>>>

(* Let $\mathcal M$ be an oriented matroid on ground set $E$ and $e\in E$. (1) If $e$ is a loop, then $\mathcal M$ is pure if and only if $\mathcal M\setminus e$ is pure. (2) If $e$ is a coloop, then $\mathcal M$ is pure if and only if $\mathcal M/e$ is pure.
   Context: Oriented matroids are given by signed circuits $X=(X^+,X^-)$ on $E$. $e$ is a loop if $(\{e\},\emptyset)$ is a circuit; $e$ is a coloop if $e$ lies in the support $X^+\cup X^-$ of no circuit. Deletion $\mathcal M\setminus e$: circuits of $\mathcal M$ not containing $e$ in their support, on ground set $E\setminus\{e\}$. Contraction $\mathcal M/e$ (for $e$ not a loop): the circuits are the inclusion-minimal (w.r.t. $Y\le X$ iff $Y^+\subseteq X^+$ and $Y^-\subseteq X^-$) nonempty signed sets among $(X^+\setminus\{e\},X^-\setminus\{e\})$, $X$ a circuit of $\mathcal M$. Two subsets $I,J$ are separated if no circuit $X$ satisfies $X^+\subseteq I\setminus J$, $X^-\subseteq J\setminus I$; an oriented matroid is pure if every pairwise-separated collection maximal by inclusion has the maximum possible cardinality. *)

theory Defs
  imports Main
begin

text \<open>A signed set is a pair (positive part, negative part).\<close>
type_synonym 'a sset = "'a set \<times> 'a set"

definition supp :: "'a sset \<Rightarrow> 'a set" where
  "supp X = fst X \<union> snd X"

definition sneg :: "'a sset \<Rightarrow> 'a sset" where
  "sneg X = (snd X, fst X)"

text \<open>Oriented matroid on finite ground set E given by its set of signed circuits
  (circuit axioms C0--C3, with weak elimination).\<close>
definition oriented_matroid :: "'a set \<Rightarrow> 'a sset set \<Rightarrow> bool" where
  "oriented_matroid E \<C> \<longleftrightarrow>
     finite E \<and>
     (\<forall>X\<in>\<C>. fst X \<inter> snd X = {} \<and> supp X \<subseteq> E) \<and>
     ({}, {}) \<notin> \<C> \<and>
     (\<forall>X\<in>\<C>. sneg X \<in> \<C>) \<and>
     (\<forall>X\<in>\<C>. \<forall>Y\<in>\<C>. supp X \<subseteq> supp Y \<longrightarrow> X = Y \<or> X = sneg Y) \<and>
     (\<forall>X\<in>\<C>. \<forall>Y\<in>\<C>. \<forall>e. X \<noteq> sneg Y \<and> e \<in> fst X \<inter> snd Y \<longrightarrow>
        (\<exists>Z\<in>\<C>. fst Z \<subseteq> (fst X \<union> fst Y) - {e} \<and> snd Z \<subseteq> (snd X \<union> snd Y) - {e}))"

definition is_loop :: "'a sset set \<Rightarrow> 'a \<Rightarrow> bool" where
  "is_loop \<C> e \<longleftrightarrow> ({e}, {}) \<in> \<C>"

definition is_coloop :: "'a sset set \<Rightarrow> 'a \<Rightarrow> bool" where
  "is_coloop \<C> e \<longleftrightarrow> (\<forall>X\<in>\<C>. e \<notin> supp X)"

definition sle :: "'a sset \<Rightarrow> 'a sset \<Rightarrow> bool" where
  "sle Y X \<longleftrightarrow> fst Y \<subseteq> fst X \<and> snd Y \<subseteq> snd X"

definition deletion :: "'a sset set \<Rightarrow> 'a \<Rightarrow> 'a sset set" where
  "deletion \<C> e = {X \<in> \<C>. e \<notin> supp X}"

definition contraction :: "'a sset set \<Rightarrow> 'a \<Rightarrow> 'a sset set" where
  "contraction \<C> e =
     (let S = {(fst X - {e}, snd X - {e}) | X. X \<in> \<C>} - {({}, {})}
      in {Y \<in> S. \<forall>Z\<in>S. sle Z Y \<longrightarrow> Z = Y})"

definition separated :: "'a sset set \<Rightarrow> 'a set \<Rightarrow> 'a set \<Rightarrow> bool" where
  "separated \<C> I J \<longleftrightarrow> \<not> (\<exists>X\<in>\<C>. fst X \<subseteq> I - J \<and> snd X \<subseteq> J - I)"

definition sep_collection :: "'a set \<Rightarrow> 'a sset set \<Rightarrow> 'a set set \<Rightarrow> bool" where
  "sep_collection E \<C> \<S> \<longleftrightarrow>
     \<S> \<subseteq> Pow E \<and> (\<forall>I\<in>\<S>. \<forall>J\<in>\<S>. I \<noteq> J \<longrightarrow> separated \<C> I J)"

definition maximal_sep_collection :: "'a set \<Rightarrow> 'a sset set \<Rightarrow> 'a set set \<Rightarrow> bool" where
  "maximal_sep_collection E \<C> \<S> \<longleftrightarrow>
     sep_collection E \<C> \<S> \<and> (\<forall>\<T>. sep_collection E \<C> \<T> \<and> \<S> \<subseteq> \<T> \<longrightarrow> \<T> = \<S>)"

definition pure :: "'a set \<Rightarrow> 'a sset set \<Rightarrow> bool" where
  "pure E \<C> \<longleftrightarrow>
     (\<forall>\<S>. maximal_sep_collection E \<C> \<S> \<longrightarrow>
        card \<S> = Max (card ` {\<T>. sep_collection E \<C> \<T>}))"

end

theory Submission
  imports Defs
begin

text \<open>A coloop lies in no circuit, so separation ignores it, and two sets that differ only
  at the coloop are separated; hence the maximal separated collections of \<open>\<M>\<close> are exactly
  the collections \<open>\<T> \<union> {K \<union> {e} | K \<in> \<T>}\<close> for the maximal ones \<open>\<T>\<close> of \<open>\<M>/e = \<M>\<close>, and all
  cardinalities double. For a loop, the circuits \<open>\<plusminus>({e},\<emptyset>)\<close> force the members of a separated
  collection to agree at \<open>e\<close>, and apart from that separation is separation in \<open>\<M>\<setminus>e\<close>; so
  the maximal collections of \<open>\<M>\<close> are those of \<open>\<M>\<setminus>e\<close>, possibly with \<open>e\<close> added to every
  member, of the same cardinality.\<close>

definition inclusion_maximal :: "('a set \<Rightarrow> bool) \<Rightarrow> 'a set \<Rightarrow> bool" where
  "inclusion_maximal P S \<longleftrightarrow> P S \<and> (\<forall>S'. P S' \<and> S \<subseteq> S' \<longrightarrow> S' = S)"

definition pure_family :: "('a set \<Rightarrow> bool) \<Rightarrow> bool" where
  "pure_family P \<longleftrightarrow> (\<forall>S. inclusion_maximal P S \<longrightarrow> card S = Max (card ` Collect P))"

lemma inclusion_maximalI:
  "P S \<Longrightarrow> (\<And>S'. P S' \<Longrightarrow> S \<subseteq> S' \<Longrightarrow> S' = S) \<Longrightarrow> inclusion_maximal P S"
  by (auto simp: inclusion_maximal_def)

lemma inclusion_maximalD:
  assumes "inclusion_maximal P S"
  shows "P S" and "P S' \<Longrightarrow> S \<subseteq> S' \<Longrightarrow> S' = S"
  using assms by (auto simp: inclusion_maximal_def)

lemma pure_iff_pure_family: "pure E C \<longleftrightarrow> pure_family (sep_collection E C)"
  by (simp add: pure_def pure_family_def maximal_sep_collection_def inclusion_maximal_def)

lemma pure_family_transfer:
  fixes P :: "'a set \<Rightarrow> bool" and Q :: "'b set \<Rightarrow> bool" and k :: nat
  assumes fin: "finite (Collect P)" "finite (Collect Q)" and "Q {}" and "k > 0"
    and F: "\<And>T. Q T \<Longrightarrow> P (F T) \<and> card (F T) = k * card T"
    and F_maximal: "\<And>T. inclusion_maximal Q T \<Longrightarrow> inclusion_maximal P (F T)"
    and G: "\<And>S. P S \<Longrightarrow> Q (G S) \<and> card S \<le> k * card (G S)"
    and G_maximal: "\<And>S. inclusion_maximal P S \<Longrightarrow>
                       inclusion_maximal Q (G S) \<and> card S = k * card (G S)"
  shows "pure_family P \<longleftrightarrow> pure_family Q"
proof -
  define mP where "mP = Max (card ` Collect P)"
  define mQ where "mQ = Max (card ` Collect Q)"
  have le_mP: "card S \<le> mP" if "P S" for S using fin that by (simp add: mP_def)
  have le_mQ: "card T \<le> mQ" if "Q T" for T using fin that by (simp add: mQ_def)
  have max_eq: "mP = k * mQ"
  proof (rule antisym)
    obtain S where "P S" "card S = mP"
      using Max_in[of "card ` Collect P"] fin F[OF \<open>Q {}\<close>] unfolding mP_def by fastforce
    then show "mP \<le> k * mQ" using G le_mQ by (metis le_trans mult_le_mono2)
  next
    obtain T where "Q T" "card T = mQ"
      using Max_in[of "card ` Collect Q"] fin \<open>Q {}\<close> unfolding mQ_def by fastforce
    then show "k * mQ \<le> mP" using F le_mP by metis
  qed
  show ?thesis
    unfolding pure_family_def mP_def[symmetric] mQ_def[symmetric]
  proof (intro iffI allI impI)
    fix T assume "\<forall>S. inclusion_maximal P S \<longrightarrow> card S = mP" and "inclusion_maximal Q T"
    then have "k * card T = k * mQ"
      using F F_maximal max_eq by (metis inclusion_maximal_def)
    then show "card T = mQ" using \<open>k > 0\<close> by simp
  next
    fix S assume "\<forall>T. inclusion_maximal Q T \<longrightarrow> card T = mQ" and "inclusion_maximal P S"
    then show "card S = mP" using G_maximal max_eq by metis
  qed
qed

lemma finite_sep_collections: "finite E \<Longrightarrow> finite (Collect (sep_collection E C))"
  by (rule finite_subset[of _ "Pow (Pow E)"]) (auto simp: sep_collection_def, blast)

lemma sep_collection_empty: "sep_collection E C {}"
  by (simp add: sep_collection_def)

lemma sep_collection_image_Diff_singleton:
  assumes "sep_collection E C S"
    and "\<And>I J. separated C I J \<Longrightarrow> separated C' (I - {e}) (J - {e})"
  shows "sep_collection (E - {e}) C' ((\<lambda>I. I - {e}) ` S)"
  using assms unfolding sep_collection_def by blast

lemma separated_Diff_singleton_iff:
  assumes "\<forall>X\<in>C. e \<notin> supp X"
  shows "separated C (I - {e}) (J - {e}) \<longleftrightarrow> separated C I J"
proof -
  have "fst X \<subseteq> I - J \<longleftrightarrow> fst X \<subseteq> (I - {e}) - (J - {e})"
       "snd X \<subseteq> J - I \<longleftrightarrow> snd X \<subseteq> (J - {e}) - (I - {e})" if "X \<in> C" for X
    using assms that by (auto simp: supp_def)
  then show ?thesis unfolding separated_def by blast
qed

subsection \<open>Coloops\<close>

lemma contraction_coloop:
  assumes om: "oriented_matroid E C" and "is_coloop C e"
  shows "contraction C e = C"
proof -
  have "(fst X - {e}, snd X - {e}) = X" if "X \<in> C" for X
    using assms(2) that by (auto simp: is_coloop_def supp_def prod_eq_iff)
  moreover have "({}, {}) \<notin> C" using om by (simp add: oriented_matroid_def)
  ultimately have restricted: "{(fst X - {e}, snd X - {e}) | X. X \<in> C} - {({}, {})} = C"
    by (auto simp del: prod.collapse) (metis prod.collapse)+
  have "Z = Y" if "Y \<in> C" "Z \<in> C" "sle Z Y" for Y Z
  proof -
    have "supp Z \<subseteq> supp Y" using \<open>sle Z Y\<close> by (auto simp: sle_def supp_def)
    then have "Z = Y \<or> Z = sneg Y" using om that(1,2) unfolding oriented_matroid_def by blast
    moreover have "Z \<noteq> sneg Y"
    proof
      assume "Z = sneg Y"
      then have "fst Y = snd Y" using \<open>sle Z Y\<close> by (auto simp: sle_def sneg_def)
      moreover have "fst Y \<inter> snd Y = {}" "Y \<noteq> ({}, {})"
        using om \<open>Y \<in> C\<close> by (auto simp: oriented_matroid_def)
      ultimately show False by (simp add: prod_eq_iff)
    qed
    ultimately show ?thesis by blast
  qed
  then show ?thesis unfolding contraction_def Let_def restricted by auto
qed

lemma separated_if_Diff_singleton_eq:
  assumes "({}, {}) \<notin> C" and "is_coloop C e" and "I - {e} = J - {e}"
  shows "separated C I J"
  unfolding separated_def
proof
  assume "\<exists>X\<in>C. fst X \<subseteq> I - J \<and> snd X \<subseteq> J - I"
  then obtain X where "X \<in> C" "fst X \<subseteq> I - J" "snd X \<subseteq> J - I" by blast
  moreover have "I - J \<subseteq> {e}" "J - I \<subseteq> {e}" using assms(3) by blast+
  moreover have "e \<notin> fst X" "e \<notin> snd X" using assms(2) \<open>X \<in> C\<close> by (auto simp: is_coloop_def supp_def)
  ultimately have "X = ({}, {})" by (auto simp: prod_eq_iff)
  then show False using assms(1) \<open>X \<in> C\<close> by simp
qed

definition extensions :: "'a \<Rightarrow> 'a set set \<Rightarrow> 'a set set" where
  "extensions e T = T \<union> insert e ` T"

lemma mem_extensions_if_Diff_singleton_mem:
  assumes "I - {e} \<in> T"
  shows "I \<in> extensions e T"
proof (cases "e \<in> I")
  case True
  then have "I = insert e (I - {e})" by blast
  then show ?thesis using assms unfolding extensions_def by (metis UnI2 image_eqI)
next
  case False
  then show ?thesis using assms by (simp add: extensions_def)
qed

<<<

▶ **Directions**: Copy each line above where "metis" appears.

▶ **Response below**:
    then show "mP \<le> k * mQ" using G le_mQ by (metis le_trans mult_le_mono2)
    then show "k * mQ \<le> mP" using F le_mP by metis
      using F F_maximal max_eq by (metis inclusion_maximal_def)
    then show "card S = mP" using G_maximal max_eq by metis
    by (auto simp del: prod.collapse) (metis prod.collapse)+
  then show ?thesis using assms unfolding extensions_def by (metis UnI2 image_eqI)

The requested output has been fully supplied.